The Pearson correlation of TOS with anthropometrics, biochemicals, lipid profile, LFTs, serum hormones and health biomarkers in healthy control subjects are also shown. TOS showed a negative correlation with hemoglobin, HBA1C, triglycerides, HDL and T3. A positive relationship of TOS was established with BMI, ESR, random blood sugars, total proteins, albumin, cholesterol, LDL, ALT, AST, TSH, T4, estrogen, homocysteine, MDA and DNA damage. Overall, statistical analyses showed a positive relationship of thyroid carcinoma with DNA damage, oxidative stress, MDA and homocysteine level; indeed, these all are potential markers of thyroid carcinoma ( Table 2 Table 3 ).

Table 2.
Table 3.

Discussion

The demographic characteristics of thyroid cancer patients are comparable with those of European countries. Even so, the clinical reports are quite diverse and more aggressive. Age and sex were not correlated with aggressiveness of disease. Of the differentiating thyroid cancers, PTC (papillary thyroid cancer) was mostly observed (76.66%), whereas FTC (follicular thyroid cancer) was less frequently observed (13.33%) as was Hurthle cell cancer (10% of total patients).

We observed very few children and adolescents affected with PTC and FTC (2 patients in our study); regarding age onset the chances of PTC and FTC increased in adults. The median age of diagnosis (based on our criteria) in this study was 45 to 50 years. We observed a higher ratio of thyroid carcinoma in women as compared to men (5 women for every 2 men).

Our study demonstrated that BMI was significantly high in thyroid carcinoma patients compared to controls (p=0.0008). In such patients, thyroid glands were removed surgically and patients were given thyroxin (orally) so that their body metabolism would function like normal individuals Kitahara et al., 2011. Kitahara et al. suggested in their work that for both men and women, BMI was found to be linked with thyroid carcinoma risk. Their findings give a strong indication that obesity is an independent risk factor for thyroid cancer.

In our study, hemoglobin was found to be within normal range in thyroid carcinoma patients. It was not significantly different in cancer patients versus healthy controls. The same was true for ESR; it was not significantly different between cancer patients and control subjects. However, ESR was slight above normal range in patients who were Hepatitis C Virus (HCV) positive.

ALT and AST are linked with liver function; their concentrations can be used to detect hepato-cellular injury and reflect the status of the liver. In the present study, ALT and AST levels were higher in several cancerous patients. Both AST and ALT concentrations are elevated in many hepatic diseases. However, in differentiating cholestatic injury from hepatocellular injury of the liver, aminotransferases are considered useful. Damage in erythrocytes, pancreas, heart and kidney cells are related to activity of AST.

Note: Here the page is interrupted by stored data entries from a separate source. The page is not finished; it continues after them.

(* For all $f,g\in C[0,1]$, $$ \left|\int_0^1 f(x)g(x)\,dx-\int_0^1f(x)\,dx\int_0^1g(x)\,dx\right|\le\frac14\,\widetilde{\omega}\left(f;\frac1{\sqrt3}\right)\widetilde{\omega}\left(g;\frac1{\sqrt3}\right), $$ and if moreover $f',g'\in L_\infty[0,1]$ then the left-hand side is at most $\frac1{12}\|f'\|_{L_\infty}\|g'\|_{L_\infty}$.
   Context: For $f\in C[0,1]$, $\omega(f;t)=\sup\{|f(x)-f(y)|:x,y\in[0,1],|x-y|\le t\}$ is the first-order modulus of continuity, and $\widetilde{\omega}(f;t)=\sup_{0\le x\le t\le y\le1,\,x\ne y}\frac{(t-x)\omega(f,y)+(y-t)\omega(f,x)}{y-x}$ for $0\le t\le1$, $\widetilde{\omega}(f;t)=\omega(f,1)$ for $t>1$ (its least concave majorant). *)

theory Defs
  imports "HOL-Analysis.Analysis"
begin

definition modcont :: "(real \<Rightarrow> real) \<Rightarrow> real \<Rightarrow> real" where
  "modcont f t = Sup {\<bar>f x - f y\<bar> | x y. x \<in> {0..1} \<and> y \<in> {0..1} \<and> \<bar>x - y\<bar> \<le> t}"

text \<open>Least concave majorant of the modulus of continuity.\<close>
definition modcont_tilde :: "(real \<Rightarrow> real) \<Rightarrow> real \<Rightarrow> real" where
  "modcont_tilde f t =
     (if t > 1 then modcont f 1
      else Sup {((t - x) * modcont f y + (y - t) * modcont f x) / (y - x) | x y.
                  0 \<le> x \<and> x \<le> t \<and> t \<le> y \<and> y \<le> 1 \<and> x \<noteq> y})"

end

theory Submission
  imports Defs
begin

(* Read T(f,g) = \<integral>fg - \<integral>f \<integral>g as the covariance of f and g, viewed as random variables on [0,1]
   with Lebesgue measure.  By Cauchy-Schwarz it suffices to bound the standard deviation
   \<sigma>(f) = sqrt T(f,f) by half of \<omega>~(f; 1/sqrt 3).  Since \<omega>~(f;\<cdot>) is a concave majorant of the
   modulus of continuity, it has a supporting line at t = 1/sqrt 3, which gives
   |f x - f y| \<le> \<alpha> + \<beta> |x - y| with \<alpha> + \<beta>/sqrt 3 = \<omega>~(f; 1/sqrt 3).  The inf-convolution
   r x = inf_y (f y + \<beta> |x - y|) is \<beta>-Lipschitz with 0 \<le> f - r \<le> \<alpha>, so
   \<sigma>(f) \<le> \<sigma>(f - r) + \<sigma>(r) \<le> \<alpha>/2 + \<beta>/(2 sqrt 3), where \<sigma>(r)^2 \<le> \<integral> \<beta>^2 (x - 1/2)^2 = \<beta>^2/12.
   The second estimate is the Lipschitz bound alone, with \<beta> = \<parallel>f'\<parallel>\<^sub>\<infinity>. *)

definition covariance :: "(real \<Rightarrow> real) \<Rightarrow> (real \<Rightarrow> real) \<Rightarrow> real" where
  "covariance u v = integral {0..1} (\<lambda>x. u x * v x) - integral {0..1} u * integral {0..1} v"

definition std_dev :: "(real \<Rightarrow> real) \<Rightarrow> real" where
  "std_dev u = sqrt (covariance u u)"

lemma covariance_commute: "covariance u v = covariance v u"
  unfolding covariance_def by (simp add: mult.commute)

lemma covariance_add_scaled_left:
  assumes u: "continuous_on {0..1} u" and v: "continuous_on {0..1} v" and w: "continuous_on {0..1} w"
  shows "covariance (\<lambda>x. u x + c * v x) w = covariance u w + c * covariance v w"
proof -
  have "integral {0..1} (\<lambda>x. (u x + c * v x) * w x)
      = integral {0..1} (\<lambda>x. u x * w x) + c * integral {0..1} (\<lambda>x. v x * w x)"
    using u v w by (simp add: distrib_right mult.assoc integral_add integrable_continuous_interval
        continuous_on_mult)
  moreover have "integral {0..1} (\<lambda>x. u x + c * v x) = integral {0..1} u + c * integral {0..1} v"
    by (subst integral_add) (auto intro!: integrable_continuous_interval continuous_intros u v)
  ultimately show ?thesis
    unfolding covariance_def by (simp add: algebra_simps)
qed

lemma covariance_self_eq:
  assumes u: "continuous_on {0..1} u"
  shows "covariance u u = integral {0..1} (\<lambda>x. (u x - c)^2) - (integral {0..1} u - c)^2"
proof -
  have "integral {0..1} (\<lambda>x. (u x - c)^2)
      = integral {0..1} (\<lambda>x. u x * u x + ((-2 * c) * u x + c^2))"
    by (simp add: power2_eq_square algebra_simps)
  also have "\<dots> = integral {0..1} (\<lambda>x. u x * u x) + integral {0..1} (\<lambda>x. (-2 * c) * u x + c^2)"
    by (subst integral_add) (auto intro!: integrable_continuous_interval continuous_intros u)
  also have "integral {0..1} (\<lambda>x. (-2 * c) * u x + c^2) = -2 * c * integral {0..1} u + c^2"
    by (subst integral_add) (auto intro!: integrable_continuous_interval continuous_intros u)
  finally show ?thesis
    unfolding covariance_def by (simp add: power2_eq_square algebra_simps)
qed

lemma covariance_self_le:
  assumes u: "continuous_on {0..1} u" and h: "continuous_on {0..1} h"
    and le: "\<And>x. x \<in> {0..1} \<Longrightarrow> (u x - c)^2 \<le> h x"
  shows "covariance u u \<le> integral {0..1} h"
proof -
  have "integral {0..1} (\<lambda>x. (u x - c)^2) \<le> integral {0..1} h"
    using u h le by (intro integral_le) (auto intro!: integrable_continuous_interval continuous_intros)
  then show ?thesis
    unfolding covariance_self_eq[OF u, of c] by (smt (verit) zero_le_power2)
qed

lemma covariance_self_nonneg:
  assumes "continuous_on {0..1} u"
  shows "0 \<le> covariance u u"
proof -
  have "0 \<le> integral {0..1} (\<lambda>x. (u x - integral {0..1} u)^2)"
    by (rule integral_nonneg) (auto intro!: integrable_continuous_interval continuous_intros assms)
  then show ?thesis
    unfolding covariance_self_eq[OF assms, of "integral {0..1} u"] by simp
qed

lemma std_dev_nonneg: "continuous_on {0..1} u \<Longrightarrow> 0 \<le> std_dev u"
  unfolding std_dev_def by (simp add: covariance_self_nonneg)

lemma square_le_of_quadratic_nonneg:
  fixes p q r :: real
  assumes "0 \<le> q" and nonneg: "\<And>l. 0 \<le> p + 2 * l * r + l^2 * q"
  shows "r^2 \<le> p * q"
proof (cases "q = 0")
  case False
  then have "q > 0" using assms(1) by simp
  have "0 \<le> p + 2 * (-r/q) * r + (-r/q)^2 * q" by (rule nonneg)
  also have "\<dots> = p - r^2/q" using \<open>q > 0\<close> by (simp add: power2_eq_square field_simps)
  finally show ?thesis using \<open>q > 0\<close> by (simp add: field_simps)
next
  case True
  show ?thesis
  proof (cases "r = 0")
    case False
    have "0 \<le> p + 2 * (-(p+1)/(2*r)) * r + (-(p+1)/(2*r))^2 * q" by (rule nonneg)
    also have "\<dots> = -1" using False True by (simp add: field_simps)
    finally show ?thesis by simp
  qed (simp add: True)
qed

lemma covariance_self_add_scaled:
  assumes u: "continuous_on {0..1} u" and v: "continuous_on {0..1} v"
  shows "covariance (\<lambda>x. u x + l * v x) (\<lambda>x. u x + l * v x)
      = covariance u u + 2 * l * covariance u v + l^2 * covariance v v"
proof -
  have uv: "continuous_on {0..1} (\<lambda>x. u x + l * v x)" using u v by (intro continuous_intros)
  have "covariance (\<lambda>x. u x + l * v x) (\<lambda>x. u x + l * v x)
      = covariance u (\<lambda>x. u x + l * v x) + l * covariance v (\<lambda>x. u x + l * v x)"
    by (rule covariance_add_scaled_left[OF u v uv])
  also have "covariance u (\<lambda>x. u x + l * v x) = covariance u u + l * covariance u v"
    using covariance_add_scaled_left[OF u v u] by (simp add: covariance_commute)
  also have "covariance v (\<lambda>x. u x + l * v x) = covariance u v + l * covariance v v"
    using covariance_add_scaled_left[OF u v v] by (simp add: covariance_commute)
  finally show ?thesis
    by (simp add: power2_eq_square algebra_simps)
qed

lemma covariance_Cauchy_Schwarz:
  assumes u: "continuous_on {0..1} u" and v: "continuous_on {0..1} v"
  shows "\<bar>covariance u v\<bar> \<le> std_dev u * std_dev v"
proof -
  have "(covariance u v)^2 \<le> covariance u u * covariance v v"
  proof (rule square_le_of_quadratic_nonneg[OF covariance_self_nonneg[OF v]])
    fix l
    have "continuous_on {0..1} (\<lambda>x. u x + l * v x)" using u v by (intro continuous_intros)
    then show "0 \<le> covariance u u + 2 * l * covariance u v + l^2 * covariance v v"
      using covariance_self_nonneg covariance_self_add_scaled[OF u v] by metis
  qed
  then have "sqrt ((covariance u v)^2) \<le> sqrt (covariance u u * covariance v v)"
    by (rule real_sqrt_le_mono)
  then show ?thesis
    unfolding std_dev_def by (simp add: real_sqrt_mult)
qed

In euthyroid patients, the thyroid gland is removed (thyroidectomy) but the thyroid hormones remain normal from administration of drugs to the patients. T4 and T3 can be measured as free thyroxine (FT4) and free triiodothyronine (FT3), which are indicators of thyroxine and triiodothyronine activities in the body. They can also be measured as total thyroxine and total triiodothyronine, which also depend on the thyroxine and triiodothyronine that are bound to thyroxine-binding globulin. A related parameter is the free thyroxine index, which is total thyroxine multiplied by thyroid hormone uptake which, in turn, is a measure of the unbound thyroxine-binding globulins. Normal levels of thyroid hormones are achieved by giving thyroxine according to the thyroid function test (TFT) levels, which control the normal body mechanism. In this study, we followed the trend and values of TSH, T3, and T4; they were considered not significant as they were in normal ranges.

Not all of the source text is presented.